Significant cost overruns come to general council meetings as consent items that are neither discussed nor debated. And most disturbing in these times of increasingly unaffordable housing, property taxes have skyrocketed. My own have increased 39 per cent since this current council was elected.

Beware of politicians touting “good governance.”

Les Barclay
Nanaimo

Important to screen dogs from elsewhere

Re: “Dog-rescue organization laments ban on foreign imports,” Aug. 30.

The Furever Freed organization needs to give their collective head a shake in their opposition to the Canada Food Inspection Agency’s ban on the importation of dogs from 100 countries, effective Sept. 28, World Rabies Day.

It is astounding that this group would put the rescue of dogs above the health and safety of Canadians. As stated in the article, there is no test for rabies on live animals and the disease has a long incubation period.

When symptoms occur, the outcome is 99% fatal in humans and dogs. That in itself is alarming, and to learn that two rabid dogs were imported in 2021 is downright frightening.

The Furever Freed group may be well intended, but the risk of importing a deadly disease is ludicrous. COVID spread through the world from one source and was impossible to contain — and COVID isn’t nearly as lethal as rabies.

Hopefully, the CFIA will hold course on their decision in the interests of the Canadian people and their dog. I also hope they will closely screen imported dogs from all countries.

John R. Paterson
Victoria

Decentralized mental health care is a failure

Since the 1960s there has been a movement to take mentally ill patients out of institutions and place them in community care. The government’s plan was to defund the institutions and put the funding into the new model.

The funding was severely decreased over time, essentially guaranteeing the community care approach would fail. We see the results every day on the news.
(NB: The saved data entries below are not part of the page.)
lemma covariance_le:
  assumes "1 \<le> j" "j \<le> k" and f_bound: "\<And>x. \<bar>f x\<bar> \<le> B" and "0 < L"
    and f_lip: "\<And>x y. \<bar>f x - f y\<bar> \<le> L * \<bar>x - y\<bar>"
    and f_symmetric: "E' (\<lambda>v. f (\<xi> v)) = - E' (\<lambda>v. - f (\<xi> v))"
  shows "E (\<lambda>w. (f (Wn E X j w) - E (\<lambda>w'. f (Wn E X j w')))
                 * (f (Wn E X k w) - E (\<lambda>w'. f (Wn E X k w'))))
    \<le> 4 * B * L * (s1 / s0) * ((E' (\<lambda>v. (\<xi> v)\<^sup>2) + 1) / 2 + C * lyapunov_bound) * sqrt (real j / real k)
      + 4 * B * L * C * lyapunov_bound * (1 / real k) powr (\<alpha> / 2)"
proof -
  have "0 \<le> B" using f_bound[of 0] by linarith
  have "2 * L * C * lyapunov_ratio E X \<alpha> k \<le> 2 * L * C * (lyapunov_bound * (1 / real k) powr (\<alpha> / 2))"
    using lyapunov_ratio_decay assms(1,2) \<open>0 < L\<close> C_nonneg by (intro mult_left_mono) simp_all
  then have defect: "E (\<lambda>w. - f (Wn E X k w)) + E (\<lambda>w. f (Wn E X k w))
      \<le> 2 * L * C * (lyapunov_bound * (1 / real k) powr (\<alpha> / 2))"
    using symmetric_defect_le[OF _ f_bound \<open>0 < L\<close> f_lip f_symmetric, of k] assms(1,2) by linarith
  have "E (\<lambda>w. (f (Wn E X j w) - E (\<lambda>w'. f (Wn E X j w')))
                 * (f (Wn E X k w) - E (\<lambda>w'. f (Wn E X k w'))))
      \<le> 4 * B * E (\<lambda>w. min (L * \<bar>(\<Sum>i=1..j. X i w) / Bn E X k\<bar>) (2 * B))
        + 2 * B * (E (\<lambda>w. - f (Wn E X k w)) + E (\<lambda>w. f (Wn E X k w)))"
    unfolding Wn_def
    by (rule S.covariance_bound[OF f_bound f_lip _ assms(1,2) Bn_pos]) (use \<open>0 < L\<close> assms in simp_all)
  also have "\<dots> \<le> 4 * B * (L * (s1 / s0 * sqrt (real j / real k))
          * ((E' (\<lambda>v. (\<xi> v)\<^sup>2) + 1) / 2 + C * lyapunov_bound))
        + 2 * B * (2 * L * C * (lyapunov_bound * (1 / real k) powr (\<alpha> / 2)))"
    using truncated_increment_le[OF assms(1,2) \<open>0 < L\<close> \<open>0 \<le> B\<close>] defect \<open>0 \<le> B\<close>
    by (intro add_mono mult_left_mono) simp_all
  finally show ?thesis by (simp add: algebra_simps)
qed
People dying from overdoses, people randomly attacked on the street, massive homelessness, poverty and all of this placing a huge burden on ambulance, paramedic and emergency room services.

In February 2008 in the Times Colonist, Gordon Campbell called the current approach to mental health and addiction a failure. It is mind-blowing that subsequent governments have continued to promote a failed system.

Yes, repeating the same thing over and over and expecting a different outcome is the very definition of insanity. It’s time for a new approach — and soon.

Richard Smith
Central Saanich

Le Tour de Vancouver Street is a real danger

The B.C. Motor Vehicle Act states all vehicles must come to a complete stop at every stop sign (and red light), as driving columnist John Ducker has said.

This should also be for all other wheeled modes of transportation such as bicycles, scooters and skateboards, but in Victoria this is not enforced whatsoever.

The most dangerous intersection where cyclists and scooters regularly blow through the stop sign is at Southgate and Vancouver Street in Fairfield.

Starting at Fairfield Street and Vancouver Street, there are no speed bumps or other means to slow cyclists, and I have witnessed many bicyclists unable to stop in time at the bottom of the hill due to their high speeds.

If there is nothing to deter speeding bicycles from blowing through this stop sign, then this is just a fatal accident waiting to happen.